**How to complete this task**
Return all lines of the listing below that carry the word "gamma".

**Records for the exercise**
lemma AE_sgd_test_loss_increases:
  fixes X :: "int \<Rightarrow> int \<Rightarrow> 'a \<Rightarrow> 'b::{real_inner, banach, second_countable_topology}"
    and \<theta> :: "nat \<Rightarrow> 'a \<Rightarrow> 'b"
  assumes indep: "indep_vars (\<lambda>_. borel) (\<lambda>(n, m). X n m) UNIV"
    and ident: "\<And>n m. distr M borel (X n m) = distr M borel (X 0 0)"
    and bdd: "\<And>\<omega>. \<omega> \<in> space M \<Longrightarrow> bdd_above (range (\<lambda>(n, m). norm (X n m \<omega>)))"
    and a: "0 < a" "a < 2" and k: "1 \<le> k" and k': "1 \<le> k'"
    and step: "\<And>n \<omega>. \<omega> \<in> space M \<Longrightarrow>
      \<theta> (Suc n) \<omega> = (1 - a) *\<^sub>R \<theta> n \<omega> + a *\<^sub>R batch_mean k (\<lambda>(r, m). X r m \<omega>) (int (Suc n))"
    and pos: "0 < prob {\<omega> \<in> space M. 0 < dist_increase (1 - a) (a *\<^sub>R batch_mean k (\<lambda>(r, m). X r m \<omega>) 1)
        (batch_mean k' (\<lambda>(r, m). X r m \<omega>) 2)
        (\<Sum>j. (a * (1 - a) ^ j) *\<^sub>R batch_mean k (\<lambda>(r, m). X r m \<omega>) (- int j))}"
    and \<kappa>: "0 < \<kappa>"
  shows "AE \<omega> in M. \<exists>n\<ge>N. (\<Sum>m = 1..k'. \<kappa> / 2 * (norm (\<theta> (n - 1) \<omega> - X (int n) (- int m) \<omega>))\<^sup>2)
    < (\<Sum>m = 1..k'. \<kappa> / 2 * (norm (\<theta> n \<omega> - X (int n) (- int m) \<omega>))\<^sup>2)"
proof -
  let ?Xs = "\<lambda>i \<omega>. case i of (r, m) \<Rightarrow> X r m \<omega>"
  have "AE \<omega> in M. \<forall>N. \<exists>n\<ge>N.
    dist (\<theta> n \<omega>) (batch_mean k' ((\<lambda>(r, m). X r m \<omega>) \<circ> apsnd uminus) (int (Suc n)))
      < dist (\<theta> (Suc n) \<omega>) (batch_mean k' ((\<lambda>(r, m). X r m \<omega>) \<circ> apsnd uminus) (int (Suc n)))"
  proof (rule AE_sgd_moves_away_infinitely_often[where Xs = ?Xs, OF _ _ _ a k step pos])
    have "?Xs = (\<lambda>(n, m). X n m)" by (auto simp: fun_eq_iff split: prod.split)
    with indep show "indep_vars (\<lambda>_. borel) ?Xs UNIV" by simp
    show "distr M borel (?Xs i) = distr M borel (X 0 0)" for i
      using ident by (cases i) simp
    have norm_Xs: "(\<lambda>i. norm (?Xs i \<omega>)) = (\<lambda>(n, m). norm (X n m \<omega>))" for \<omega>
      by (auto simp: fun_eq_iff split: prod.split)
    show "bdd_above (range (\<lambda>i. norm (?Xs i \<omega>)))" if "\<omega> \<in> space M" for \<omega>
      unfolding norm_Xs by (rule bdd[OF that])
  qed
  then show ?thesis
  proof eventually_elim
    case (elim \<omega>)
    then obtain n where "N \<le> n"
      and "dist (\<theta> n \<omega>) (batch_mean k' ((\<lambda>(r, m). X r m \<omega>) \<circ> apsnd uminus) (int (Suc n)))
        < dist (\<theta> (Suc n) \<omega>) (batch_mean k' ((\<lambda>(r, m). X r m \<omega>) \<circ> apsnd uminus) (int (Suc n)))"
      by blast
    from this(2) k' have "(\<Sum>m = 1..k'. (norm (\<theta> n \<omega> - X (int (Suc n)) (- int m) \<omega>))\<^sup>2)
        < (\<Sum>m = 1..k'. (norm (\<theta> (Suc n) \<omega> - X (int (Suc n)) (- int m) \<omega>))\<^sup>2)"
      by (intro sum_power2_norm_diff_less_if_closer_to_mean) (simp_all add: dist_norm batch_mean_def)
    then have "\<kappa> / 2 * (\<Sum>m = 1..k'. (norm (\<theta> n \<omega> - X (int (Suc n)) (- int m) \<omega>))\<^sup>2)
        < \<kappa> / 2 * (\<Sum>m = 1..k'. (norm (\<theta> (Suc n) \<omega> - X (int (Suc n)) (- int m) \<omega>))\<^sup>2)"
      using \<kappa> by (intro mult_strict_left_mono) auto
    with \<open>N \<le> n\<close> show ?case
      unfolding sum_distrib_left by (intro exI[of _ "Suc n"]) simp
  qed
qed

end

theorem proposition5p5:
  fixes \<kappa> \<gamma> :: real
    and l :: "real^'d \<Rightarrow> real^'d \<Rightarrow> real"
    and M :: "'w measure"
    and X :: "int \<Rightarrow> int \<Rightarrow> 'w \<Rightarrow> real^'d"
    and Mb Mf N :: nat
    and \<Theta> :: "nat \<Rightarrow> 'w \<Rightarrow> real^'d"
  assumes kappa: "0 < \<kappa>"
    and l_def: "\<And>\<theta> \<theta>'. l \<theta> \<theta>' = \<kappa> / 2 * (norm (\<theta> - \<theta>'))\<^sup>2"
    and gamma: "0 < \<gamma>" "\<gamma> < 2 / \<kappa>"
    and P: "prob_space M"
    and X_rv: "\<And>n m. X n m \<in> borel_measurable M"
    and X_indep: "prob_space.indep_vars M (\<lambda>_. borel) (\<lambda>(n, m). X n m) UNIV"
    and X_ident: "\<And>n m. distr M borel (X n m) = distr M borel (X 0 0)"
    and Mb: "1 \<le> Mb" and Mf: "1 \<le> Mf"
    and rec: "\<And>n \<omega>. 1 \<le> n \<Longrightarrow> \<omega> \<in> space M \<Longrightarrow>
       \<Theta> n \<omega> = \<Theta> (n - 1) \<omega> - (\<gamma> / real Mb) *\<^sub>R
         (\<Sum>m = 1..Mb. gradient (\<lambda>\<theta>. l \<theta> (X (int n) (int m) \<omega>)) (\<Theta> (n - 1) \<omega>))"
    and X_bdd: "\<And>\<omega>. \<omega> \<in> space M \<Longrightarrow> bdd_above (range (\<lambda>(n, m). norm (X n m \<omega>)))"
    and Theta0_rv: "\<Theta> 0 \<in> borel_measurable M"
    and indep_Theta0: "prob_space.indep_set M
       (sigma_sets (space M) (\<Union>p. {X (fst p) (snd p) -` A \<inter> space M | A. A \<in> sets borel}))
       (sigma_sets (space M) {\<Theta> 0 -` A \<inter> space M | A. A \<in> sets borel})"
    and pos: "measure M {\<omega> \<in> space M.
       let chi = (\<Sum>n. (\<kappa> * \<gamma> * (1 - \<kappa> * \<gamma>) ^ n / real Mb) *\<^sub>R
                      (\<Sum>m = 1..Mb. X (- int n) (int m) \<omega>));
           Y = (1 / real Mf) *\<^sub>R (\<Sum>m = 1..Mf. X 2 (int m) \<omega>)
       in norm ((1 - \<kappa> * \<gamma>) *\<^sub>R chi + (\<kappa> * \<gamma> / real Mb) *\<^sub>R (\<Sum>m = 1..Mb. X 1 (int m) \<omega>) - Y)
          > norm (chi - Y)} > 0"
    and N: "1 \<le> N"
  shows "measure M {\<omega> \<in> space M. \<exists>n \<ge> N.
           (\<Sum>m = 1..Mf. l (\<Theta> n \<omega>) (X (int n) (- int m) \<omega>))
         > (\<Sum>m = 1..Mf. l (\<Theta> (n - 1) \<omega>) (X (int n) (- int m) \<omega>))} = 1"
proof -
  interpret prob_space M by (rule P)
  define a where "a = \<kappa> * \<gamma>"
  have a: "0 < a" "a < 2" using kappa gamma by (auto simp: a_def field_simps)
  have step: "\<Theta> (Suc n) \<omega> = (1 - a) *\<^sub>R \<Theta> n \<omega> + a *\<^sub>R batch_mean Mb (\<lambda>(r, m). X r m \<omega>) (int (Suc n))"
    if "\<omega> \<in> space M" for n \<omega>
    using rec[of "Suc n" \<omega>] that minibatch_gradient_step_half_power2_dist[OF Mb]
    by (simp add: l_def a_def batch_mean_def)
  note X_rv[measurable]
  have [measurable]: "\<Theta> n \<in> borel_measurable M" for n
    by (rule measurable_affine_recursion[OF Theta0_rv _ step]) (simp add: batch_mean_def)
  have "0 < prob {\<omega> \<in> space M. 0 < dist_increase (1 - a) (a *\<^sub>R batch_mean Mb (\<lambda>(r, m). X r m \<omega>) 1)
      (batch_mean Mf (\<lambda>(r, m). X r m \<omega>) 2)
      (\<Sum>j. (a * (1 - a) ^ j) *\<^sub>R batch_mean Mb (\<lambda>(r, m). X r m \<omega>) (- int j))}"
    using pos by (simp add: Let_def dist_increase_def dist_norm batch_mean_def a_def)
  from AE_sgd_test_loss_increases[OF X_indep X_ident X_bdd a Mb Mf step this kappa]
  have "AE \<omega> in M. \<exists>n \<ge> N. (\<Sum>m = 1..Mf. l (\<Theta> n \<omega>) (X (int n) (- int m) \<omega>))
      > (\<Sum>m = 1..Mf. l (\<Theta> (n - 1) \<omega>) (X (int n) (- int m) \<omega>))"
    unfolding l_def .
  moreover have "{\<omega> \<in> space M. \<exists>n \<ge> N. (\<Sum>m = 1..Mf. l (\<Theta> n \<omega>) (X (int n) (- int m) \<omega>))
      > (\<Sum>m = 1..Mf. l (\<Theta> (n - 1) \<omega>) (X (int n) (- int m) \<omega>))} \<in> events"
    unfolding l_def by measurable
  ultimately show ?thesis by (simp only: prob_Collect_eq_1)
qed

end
* * *
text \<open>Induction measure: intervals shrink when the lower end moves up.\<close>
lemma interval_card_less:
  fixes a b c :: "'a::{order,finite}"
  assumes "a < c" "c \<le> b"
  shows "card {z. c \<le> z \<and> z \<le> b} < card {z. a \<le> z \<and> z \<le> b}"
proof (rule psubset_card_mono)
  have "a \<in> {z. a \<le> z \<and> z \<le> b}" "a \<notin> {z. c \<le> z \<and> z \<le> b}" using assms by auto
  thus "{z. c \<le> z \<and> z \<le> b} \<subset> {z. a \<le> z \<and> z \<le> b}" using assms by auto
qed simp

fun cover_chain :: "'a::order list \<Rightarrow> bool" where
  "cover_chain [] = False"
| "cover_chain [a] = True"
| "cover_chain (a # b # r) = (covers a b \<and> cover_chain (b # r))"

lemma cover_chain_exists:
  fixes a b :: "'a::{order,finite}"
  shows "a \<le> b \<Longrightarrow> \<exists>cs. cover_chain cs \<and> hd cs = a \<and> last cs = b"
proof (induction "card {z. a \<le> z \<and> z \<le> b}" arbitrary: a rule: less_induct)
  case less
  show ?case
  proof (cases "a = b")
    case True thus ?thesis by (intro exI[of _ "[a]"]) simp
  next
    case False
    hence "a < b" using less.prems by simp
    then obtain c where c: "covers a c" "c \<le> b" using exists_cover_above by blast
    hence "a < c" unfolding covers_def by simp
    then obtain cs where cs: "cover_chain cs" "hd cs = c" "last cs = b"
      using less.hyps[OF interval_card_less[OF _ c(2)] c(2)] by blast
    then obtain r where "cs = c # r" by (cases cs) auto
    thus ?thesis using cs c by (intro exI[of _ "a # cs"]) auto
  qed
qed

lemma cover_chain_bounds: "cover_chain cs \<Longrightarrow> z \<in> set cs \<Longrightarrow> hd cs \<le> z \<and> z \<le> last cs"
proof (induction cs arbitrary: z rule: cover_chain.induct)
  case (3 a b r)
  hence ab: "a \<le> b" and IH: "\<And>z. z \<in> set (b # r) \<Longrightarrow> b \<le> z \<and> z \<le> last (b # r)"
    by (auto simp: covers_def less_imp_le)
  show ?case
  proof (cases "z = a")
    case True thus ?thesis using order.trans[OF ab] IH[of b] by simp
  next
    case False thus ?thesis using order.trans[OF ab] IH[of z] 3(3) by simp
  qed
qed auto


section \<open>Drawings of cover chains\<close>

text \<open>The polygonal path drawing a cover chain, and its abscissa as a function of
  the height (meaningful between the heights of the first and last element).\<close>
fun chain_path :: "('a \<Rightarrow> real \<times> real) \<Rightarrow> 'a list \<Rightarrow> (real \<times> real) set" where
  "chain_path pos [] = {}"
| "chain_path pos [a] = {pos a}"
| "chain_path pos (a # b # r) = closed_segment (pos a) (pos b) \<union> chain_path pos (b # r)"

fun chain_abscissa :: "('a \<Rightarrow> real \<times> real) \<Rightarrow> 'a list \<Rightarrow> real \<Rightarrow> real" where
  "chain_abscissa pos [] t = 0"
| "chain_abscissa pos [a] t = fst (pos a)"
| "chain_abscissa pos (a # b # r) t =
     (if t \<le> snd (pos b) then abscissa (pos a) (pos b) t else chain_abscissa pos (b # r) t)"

**Answer space**
  fixes \<kappa> \<gamma> :: real
    and gamma: "0 < \<gamma>" "\<gamma> < 2 / \<kappa>"
       \<Theta> n \<omega> = \<Theta> (n - 1) \<omega> - (\<gamma> / real Mb) *\<^sub>R
       let chi = (\<Sum>n. (\<kappa> * \<gamma> * (1 - \<kappa> * \<gamma>) ^ n / real Mb) *\<^sub>R
       in norm ((1 - \<kappa> * \<gamma>) *\<^sub>R chi + (\<kappa> * \<gamma> / real Mb) *\<^sub>R (\<Sum>m = 1..Mb. X 1 (int m) \<omega>) - Y)
  define a where "a = \<kappa> * \<gamma>"
  have a: "0 < a" "a < 2" using kappa gamma by (auto simp: a_def field_simps)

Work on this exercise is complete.